_WORK REQUEST_: Find the word "unfolding" in the records and copy every line where it occurs.

[Data items]

lemma backtracking_stepsize_bounds:
  fixes M :: ereal and m :: nat
  assumes "0 \<le> M" "0 \<le> A" "0 \<le> \<delta>" "\<delta> \<le> 1"
  defines "\<Delta> \<equiv> real_of_ereal (min M (ereal A))"
  shows "0 \<le> \<Delta> * \<delta> ^ m" and "ereal (\<Delta> * \<delta> ^ m) \<le> M"
proof -
  have \<Delta>: "min M (ereal A) = ereal \<Delta>" "0 \<le> \<Delta>"
    using assms(1,2) unfolding \<Delta>_def by (cases M; simp add: min_def)+
  have "\<delta> ^ m \<le> 1"
    using assms(3,4) by (simp add: power_le_one)
  then have "0 \<le> \<Delta> * \<delta> ^ m" "\<Delta> * \<delta> ^ m \<le> \<Delta>"
    using \<Delta>(2) assms(3) by (auto simp: mult_left_le)
  moreover have "ereal \<Delta> \<le> M"
    using \<Delta>(1) by (metis min.cobounded1)
  ultimately show "0 \<le> \<Delta> * \<delta> ^ m" "ereal (\<Delta> * \<delta> ^ m) \<le> M"
    by (auto intro: order_trans[rotated])
qed

lemma ac2cd_inner_step:
  assumes run: "ac2cd_run f grad l u \<tau> \<gamma> \<delta> Al Au x j p z A \<alpha>"
    and "0 < Al" "0 < \<delta>" "\<delta> < 1" "0 < \<gamma>"
    and i: "i \<in> {1..CARD('n::finite)}" and z: "feasible l u b (z k i :: real^'n)"
  shows "feasible l u b (z k (i + 1)) \<and> f (z k (i + 1)) \<le> f (z k i)"
proof -
  define G where "G = grad (z k i)"
  define g where "g = G $ j k - G $ p k i"
  define d :: "real^'n" where "d = g *\<^sub>R (axis (p k i) 1 - axis (j k) 1)"
  define \<Delta> where "\<Delta> = real_of_ereal (min (alpha_bar l u (z k i) (p k i) (j k) g) (ereal (A k i)))"
  obtain m where A: "A k i \<in> {Al..Au}" and \<alpha>: "\<alpha> k i = \<Delta> * \<delta> ^ m"
    and arm: "armijo f grad \<gamma> (z k i) d (\<alpha> k i)" and step: "z k (i + 1) = z k i + \<alpha> k i *\<^sub>R d"
    using run i unfolding ac2cd_run_def Let_def G_def g_def d_def \<Delta>_def by blast
  have "0 \<le> \<alpha> k i" "ereal (\<alpha> k i) \<le> alpha_bar l u (z k i) (p k i) (j k) g"
    using backtracking_stepsize_bounds[OF alpha_bar_nonneg[OF z], of "A k i" \<delta>] A assms(2-4)
    unfolding \<alpha> \<Delta>_def by auto
  moreover have "grad (z k i) \<bullet> d \<le> 0"
    using inner_coord_direction[of G "j k" "p k i"] unfolding d_def g_def G_def by simp
  ultimately show ?thesis
    using feasible_coord_step[OF z] armijo_descent[OF arm] assms(5)
    unfolding step d_def by simp
qed

lemma ac2cd_outer_step:
  assumes run: "ac2cd_run f grad l u \<tau> \<gamma> \<delta> Al Au x j p z A \<alpha>"
    and params: "0 < Al" "0 < \<delta>" "\<delta> < 1" "0 < \<gamma>"
    and x: "feasible l u b (x k :: real^'n::finite)"
  shows "feasible l u b (x (Suc k)) \<and> f (x (Suc k)) \<le> f (x k)"
proof -
  have "feasible l u b (z k (Suc i)) \<and> f (z k (Suc i)) \<le> f (x k)" if "i \<le> CARD('n)" for i
    using that
  proof (induction i)
    case 0
    then show ?case using run x by (simp add: ac2cd_run_def)
  next
    case (Suc i)
    then have "feasible l u b (z k (Suc i + 1)) \<and> f (z k (Suc i + 1)) \<le> f (z k (Suc i))"
      by (intro ac2cd_inner_step[OF run params]) auto
    then show ?case using Suc by simp
  qed
  then show ?thesis
    using run by (simp add: ac2cd_run_def)
qed

lemma ac2cd_iterates_in_sublevel_set:
  assumes run: "ac2cd_run f grad l u \<tau> \<gamma> \<delta> Al Au x j p z A \<alpha>"
    and params: "0 < Al" "0 < \<delta>" "\<delta> < 1" "0 < \<gamma>"
    and x0: "feasible l u b (x 0 :: real^'n::finite)"
  shows "feasible l u b (x k) \<and> f (x k) \<le> f (x 0)"
proof (induction k)
  case 0
  then show ?case using x0 by simp
next
  case (Suc k)
  then show ?case using ac2cd_outer_step[OF run params, of b k] by auto
qed

lemma abs_nth_le_norm_inf: "\<bar>v$i\<bar> \<le> norm_inf v"
  unfolding norm_inf_def by (rule Max_ge) auto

_TASK OUTPUT_:
    using assms(1,2) unfolding \<Delta>_def by (cases M; simp add: min_def)+
    using run i unfolding ac2cd_run_def Let_def G_def g_def d_def \<Delta>_def by blast
    unfolding \<alpha> \<Delta>_def by auto
    using inner_coord_direction[of G "j k" "p k i"] unfolding d_def g_def G_def by simp
    unfolding step d_def by simp
  unfolding norm_inf_def by (rule Max_ge) auto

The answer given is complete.